Дождливое лето (сборник) — страница 40 из 64

— Не знал я, что Василий такое умеет…

— Вот именно — умеет. Умелец нашелся. А вы думаете, я знал? Такой спокойный на вид парень… Экстремист. Даже если прав на все сто процентов, умей выждать, выбрать момент, а не плюй против ветра.

Вот такая была история. Профессор еще сказал:

— Ваш Диденко — источник повышенной опасности. — И добавил то, что я сам теперь говорил Лизе: — И ему трудно, и с ним тяжело.

— А может, просто совестливый человек с обостренным чувством справедливости и долга? — хотел было возразить я, но время поджимало, мы уже спустились в вестибюль станции «Площадь Ногина», а моему собеседнику предстояла еще пересадка и неблизкий путь к стадиону…
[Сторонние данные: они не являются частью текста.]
(* Let $C,D\subseteq\mathbb{R}^n$, $F,G:\mathbb{R}^n\rightrightarrows\mathbb{R}^n$ define the hybrid system $\dot x\in F(x)$, $x\in C$; $x^+\in G(x)$, $x\in D$, satisfying the hybrid basic conditions (A1)–(A3) below, and let $\phi^\star$ be a $t$-complete solution of this system. Assume: (i) $G(D)\cap D=\emptyset$, $G(D)\subseteq C$, and $G$ is single-valued and proper; (ii) for all $x\in C\cap D$, $F(x)\cap T_C(x)=\emptyset$; (iii) for all $x\in C\cap G(D)$, $-F(x)\cap T_C(x)=\emptyset$; (iv) either $D$ is bounded or $\phi^\star$ is bounded. Then for every $\varepsilon>0$ there exists $s>0$ such that for any $t$-complete solution $\phi$ of the system satisfying (v) $\|\phi^\star(0,0)-\phi(0,0)\|<s$, and (vi) for all $(t,j)\in\operatorname{dom}\phi^\star$ there exists $(t,\tilde\jmath)\in\operatorname{dom}\phi$ with $\rho_{\mathcal A}(\phi^\star(t,j),\phi(t,\tilde\jmath))<s$, it holds that for every $(t,j)\in\operatorname{dom}\phi^\star$ there exists $(t',j')\in\operatorname{dom}\phi$ with $|t-t'|<\varepsilon$ and $\|\phi^\star(t,j)-\phi(t',j')\|<\varepsilon$.
   Context: $\|\cdot\|$ is the Euclidean norm, $\mathcal B_s=\{x:\|x\|\le s\}$, $S_1+S_2=\{y_1+y_2:y_1\in S_1,y_2\in S_2\}$, $\operatorname{dom}F=\{x:F(x)\neq\emptyset\}$. Hybrid basic conditions: (A1) $C$ and $D$ are closed; (A2) $F$ is outer semicontinuous and locally bounded relative to $C$, $C\subseteq\operatorname{dom}F$, and $F(x)$ is convex for each $x\in C$; (A3) $G$ is outer semicontinuous and locally bounded relative to $D$, and $D\subseteq\operatorname{dom}G$. A hybrid time domain is a set $E\subseteq\mathbb{R}_{\ge0}\times\mathbb{N}$ such that for each $(T,J)\in E$, $E\cap([0,T]\times\{0,\dots,J\})=\bigcup_{j=0}^{J}[t_j,t_{j+1}]\times\{j\}$ for some $0=t_0\le t_1\le\dots\le t_{J+1}$. A solution is a function $\phi$ on a hybrid time domain with $t\mapsto\phi(t,j)$ locally absolutely continuous on each $I^j=\{t:(t,j)\in\operatorname{dom}\phi\}$, $\phi(0,0)\in C\cup D$, such that for each $j$ with $I^j$ of nonempty interior, $\phi(t,j)\in C$ for all $t\in\operatorname{int}I^j$ and $\frac{d}{dt}\phi(t,j)\in F(\phi(t,j))$ for almost all $t\in I^j$, and whenever $(t,j),(t,j+1)\in\operatorname{dom}\phi$, $\phi(t,j)\in D$ and $\phi(t,j+1)\in G(\phi(t,j))$. A solution is $t$-complete if $\sup_{(t,j)\in\operatorname{dom}\phi}t=\infty$, and bounded if $\|\phi(t,j)\|\le R$ on its domain for some $R>0$. $T_C(x)$ is the (Bouligand) tangent cone: the set of $w$ for which there exist $\tau_i\downarrow0$ and $w_i\to w$ with $x+\tau_iw_i\in C$. $G$ proper means preimages of compact sets are compact. $\mathcal A=\{(x_1,x_2)\in(C\cup D\cup G(D))^2: x_1=x_2,\ \text{or } (x_2\in D \text{ and } x_1\in G(x_2)),\ \text{or } (x_1\in D\text{ and } x_2\in G(x_1))\}$ and $\rho_{\mathcal A}(x,y)=\inf_{(u,v)\in\mathcal A}\|(x-u,y-v)\|$, where $(a,b)$ denotes the stacked vector. *)

theory Defs
  imports "HOL-Analysis.Analysis"
begin

text \<open>Set-valued maps are functions \<open>'a \<Rightarrow> 'a set\<close>; vectors live in an arbitrary
  Euclidean space \<open>'a\<close> (i.e. \<open>\<real>^n\<close>).\<close>

definition osc_rel :: "('a::real_normed_vector \<Rightarrow> 'b::real_normed_vector set) \<Rightarrow> 'a set \<Rightarrow> bool" where
  "osc_rel F S \<longleftrightarrow> (\<forall>x\<in>S. \<forall>xs ys y. (\<forall>i. xs i \<in> S \<and> ys i \<in> F (xs i)) \<and>
       xs \<longlonglongrightarrow> x \<and> ys \<longlonglongrightarrow> y \<longrightarrow> y \<in> F x)"
text \<open>Arrays obtained by reindexing along maps with pairwise disjoint ranges are
  independent, since they are functions of disjoint sets of coordinates.\<close>
lemma reindex_disjoint_indep:
  assumes "prob_space mu" and disj: "disjoint_family_on (\<lambda>k. range (f k)) L"
  shows "prob_space.indep_vars (iid_copies mu) (\<lambda>_. iid_copies mu) (\<lambda>k \<omega>. \<omega> \<circ> f k) L"
proof -
  interpret P: prob_space "iid_copies mu"
    using assms(1) by (rule prob_space_iid_copies)
  have "P.indep_vars (\<lambda>k. PiM (range (f k)) (\<lambda>_. mu))
      (\<lambda>k \<omega>. restrict \<omega> (range (f k))) L"
    by (rule P.indep_vars_restrict[OF coordinates_indep[OF assms(1)] _ disj]) auto
  then have composed: "P.indep_vars (\<lambda>_. iid_copies mu)
      (\<lambda>k \<omega>. (\<lambda>x p. x (f k p)) (restrict \<omega> (range (f k)))) L"
  proof (rule P.indep_vars_compose2)
    show "(\<lambda>x p. x (f k p)) \<in> measurable (PiM (range (f k)) (\<lambda>_. mu)) (iid_copies mu)" for k
      unfolding iid_copies_def
      by (rule measurable_PiM_single') (auto simp: space_PiM)
  qed
  have restrict_comp: "(\<lambda>k \<omega>. (\<lambda>x p. x (f k p)) (restrict \<omega> (range (f k))))
      = (\<lambda>k \<omega>. \<omega> \<circ> f k)"
    by (auto simp: fun_eq_iff)
  show ?thesis using composed unfolding restrict_comp .
qed

definition summable_event :: "real measure \<Rightarrow> (nat \<Rightarrow> nat) \<Rightarrow> (nat \<times> nat \<Rightarrow> real) set" where
  "summable_event mu \<sigma> =
     {\<omega> \<in> space (iid_copies mu). (\<Sum>n. ennreal (Lambda \<sigma> \<omega> n)) < \<infinity>}"

lemma summable_wrt_iff_event:
  "summable_wrt mu \<sigma> \<longleftrightarrow> measure (iid_copies mu) (summable_event mu \<sigma>) > 0"
  unfolding summable_wrt_def summable_event_def ..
…Я не очень верю в разговоры о человеческой проницательности. Особенно когда говорят о проницательности женщин в отношении мужчин. Много ли нужно проницательности, чтобы увидеть, чего он от нее хочет? И вообще вся проницательность одного построена на неумении или нежелании другого скрывать свои настроения, чувства и мысли либо на возможности просто арифметически вычислить ситуацию. Тут все дело в элементарной наблюдательности и любопытстве. Другое дело, что не каждый их проявляет, не каждому хочется напрягаться. Но уж если хочется, тогда держись — начинается захватывающая игра.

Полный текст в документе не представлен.